Your assignment: Every single line below has to be printed once more, exactly.

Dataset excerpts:

lemma maps_with_fibres_Suc_restrict:
  assumes y: "y \<in> maps_with_fibres A (Suc p) k"
  defines "S \<equiv> {i \<in> A. y i = Suc p}"
  shows "card S = k (Suc p)" "restrict y (A - S) \<in> maps_with_fibres (A - S) p k"
proof -
  have vals: "y i \<in> {1..Suc p}" if "i \<in> A" for i
    using y that by (auto simp: maps_with_fibres_def PiE_iff)
  have counts: "card {i \<in> A. y i = s} = k s" if "s \<in> {1..Suc p}" for s
    using y that by (simp add: maps_with_fibres_def)
  show "card S = k (Suc p)"
    using counts[of "Suc p"] by (simp add: S_def)
  have "restrict y (A - S) i \<in> {1..p}" if "i \<in> A - S" for i
    using vals[of i] that by (auto simp: S_def)
  moreover have "{i \<in> A - S. restrict y (A - S) i = s} = {i \<in> A. y i = s}" if "s \<in> {1..p}" for s
    using that by (auto simp: S_def)
  ultimately show "restrict y (A - S) \<in> maps_with_fibres (A - S) p k"
    using counts by (simp add: maps_with_fibres_def PiE_iff)
qed

lemma maps_with_fibres_Suc_extend:
  assumes S: "S \<subseteq> A" "card S = k (Suc p)" and z: "z \<in> maps_with_fibres (A - S) p k"
  defines "y \<equiv> \<lambda>i. if i \<in> S then Suc p else z i"
  shows "{i \<in> A. y i = Suc p} = S" "restrict y (A - S) = z" "y \<in> maps_with_fibres A (Suc p) k"
proof -
  have zA: "z \<in> PiE (A - S) (\<lambda>_. {1..p})"
    using z by (simp add: maps_with_fibres_def)
  have z_vals: "z i \<in> {1..p}" if "i \<in> A - S" for i
    using PiE_mem[OF zA that] .
  then show fibre: "{i \<in> A. y i = Suc p} = S"
    using S(1) by (force simp: y_def)
  show "restrict y (A - S) = z"
    using zA by (auto simp: y_def PiE_def extensional_def fun_eq_iff)
  have "y i \<in> {1..Suc p}" if "i \<in> A" for i
    using z_vals[of i] that by (auto simp: y_def)
  moreover have "y \<in> extensional A"
    using zA S(1) by (auto simp: y_def PiE_iff extensional_def)
  moreover have "card {i \<in> A. y i = s} = k s" if "s \<in> {1..Suc p}" for s
  proof (cases "s = Suc p")
    case True
    then show ?thesis
      using fibre S(2) by simp
  next
    case False
    then have "{i \<in> A. y i = s} = {i \<in> A - S. z i = s}" "s \<in> {1..p}"
      using that by (auto simp: y_def)
    then show ?thesis
      using z by (simp add: maps_with_fibres_def)
  qed
  ultimately show "y \<in> maps_with_fibres A (Suc p) k"
    by (simp add: maps_with_fibres_def PiE_iff)
qed

lemma bij_betw_maps_with_fibres_Suc:
  "bij_betw (\<lambda>y. ({i \<in> A. y i = Suc p}, restrict y (A - {i \<in> A. y i = Suc p})))
     (maps_with_fibres A (Suc p) k)
     (SIGMA S:{S. S \<subseteq> A \<and> card S = k (Suc p)}. maps_with_fibres (A - S) p k)"
  (is "bij_betw ?split ?Y ?Z")
proof (rule bij_betw_byWitness[where f' = "\<lambda>(S, z) i. if i \<in> S then Suc p else z i"])
  let ?join = "\<lambda>(S, z) i. if i \<in> S then Suc p else z i"
  show "\<forall>y\<in>?Y. ?join (?split y) = y"
    by (auto simp: maps_with_fibres_def PiE_def extensional_def fun_eq_iff)
  show "\<forall>w\<in>?Z. ?split (?join w) = w"
  proof
    fix w assume "w \<in> ?Z"
    then obtain S z where w: "w = (S, z)" "S \<subseteq> A" "card S = k (Suc p)"
      "z \<in> maps_with_fibres (A - S) p k"
      by auto
    show "?split (?join w) = w"
      unfolding w(1) using maps_with_fibres_Suc_extend(1,2)[OF w(2-4)] by (simp only: prod.case)
  qed
  show "?split ` ?Y \<subseteq> ?Z"
    using maps_with_fibres_Suc_restrict by auto
  show "?join ` ?Z \<subseteq> ?Y"
    using maps_with_fibres_Suc_extend(3) by auto
qed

Task output:
lemma maps_with_fibres_Suc_restrict:
  assumes y: "y \<in> maps_with_fibres A (Suc p) k"
  defines "S \<equiv> {i \<in> A. y i = Suc p}"
  shows "card S = k (Suc p)" "restrict y (A - S) \<in> maps_with_fibres (A - S) p k"
proof -
  have vals: "y i \<in> {1..Suc p}" if "i \<in> A" for i
    using y that by (auto simp: maps_with_fibres_def PiE_iff)
  have counts: "card {i \<in> A. y i = s} = k s" if "s \<in> {1..Suc p}" for s
    using y that by (simp add: maps_with_fibres_def)
  show "card S = k (Suc p)"
    using counts[of "Suc p"] by (simp add: S_def)
  have "restrict y (A - S) i \<in> {1..p}" if "i \<in> A - S" for i
    using vals[of i] that by (auto simp: S_def)
  moreover have "{i \<in> A - S. restrict y (A - S) i = s} = {i \<in> A. y i = s}" if "s \<in> {1..p}" for s
    using that by (auto simp: S_def)
  ultimately show "restrict y (A - S) \<in> maps_with_fibres (A - S) p k"
    using counts by (simp add: maps_with_fibres_def PiE_iff)
qed

lemma maps_with_fibres_Suc_extend:
  assumes S: "S \<subseteq> A" "card S = k (Suc p)" and z: "z \<in> maps_with_fibres (A - S) p k"
  defines "y \<equiv> \<lambda>i. if i \<in> S then Suc p else z i"
  shows "{i \<in> A. y i = Suc p} = S" "restrict y (A - S) = z" "y \<in> maps_with_fibres A (Suc p) k"
proof -
  have zA: "z \<in> PiE (A - S) (\<lambda>_. {1..p})"
    using z by (simp add: maps_with_fibres_def)
  have z_vals: "z i \<in> {1..p}" if "i \<in> A - S" for i
    using PiE_mem[OF zA that] .
  then show fibre: "{i \<in> A. y i = Suc p} = S"
    using S(1) by (force simp: y_def)
  show "restrict y (A - S) = z"
    using zA by (auto simp: y_def PiE_def extensional_def fun_eq_iff)
  have "y i \<in> {1..Suc p}" if "i \<in> A" for i
    using z_vals[of i] that by (auto simp: y_def)
  moreover have "y \<in> extensional A"
    using zA S(1) by (auto simp: y_def PiE_iff extensional_def)
  moreover have "card {i \<in> A. y i = s} = k s" if "s \<in> {1..Suc p}" for s
  proof (cases "s = Suc p")
    case True
    then show ?thesis
      using fibre S(2) by simp
  next
    case False
    then have "{i \<in> A. y i = s} = {i \<in> A - S. z i = s}" "s \<in> {1..p}"
      using that by (auto simp: y_def)
    then show ?thesis
      using z by (simp add: maps_with_fibres_def)
  qed
  ultimately show "y \<in> maps_with_fibres A (Suc p) k"
    by (simp add: maps_with_fibres_def PiE_iff)
qed

lemma bij_betw_maps_with_fibres_Suc:
  "bij_betw (\<lambda>y. ({i \<in> A. y i = Suc p}, restrict y (A - {i \<in> A. y i = Suc p})))
     (maps_with_fibres A (Suc p) k)
     (SIGMA S:{S. S \<subseteq> A \<and> card S = k (Suc p)}. maps_with_fibres (A - S) p k)"
  (is "bij_betw ?split ?Y ?Z")
proof (rule bij_betw_byWitness[where f' = "\<lambda>(S, z) i. if i \<in> S then Suc p else z i"])
  let ?join = "\<lambda>(S, z) i. if i \<in> S then Suc p else z i"
  show "\<forall>y\<in>?Y. ?join (?split y) = y"
    by (auto simp: maps_with_fibres_def PiE_def extensional_def fun_eq_iff)
  show "\<forall>w\<in>?Z. ?split (?join w) = w"
  proof
    fix w assume "w \<in> ?Z"
    then obtain S z where w: "w = (S, z)" "S \<subseteq> A" "card S = k (Suc p)"
      "z \<in> maps_with_fibres (A - S) p k"
      by auto
    show "?split (?join w) = w"
      unfolding w(1) using maps_with_fibres_Suc_extend(1,2)[OF w(2-4)] by (simp only: prod.case)
  qed
  show "?split ` ?Y \<subseteq> ?Z"
    using maps_with_fibres_Suc_restrict by auto
  show "?join ` ?Z \<subseteq> ?Y"
    using maps_with_fibres_Suc_extend(3) by auto
qed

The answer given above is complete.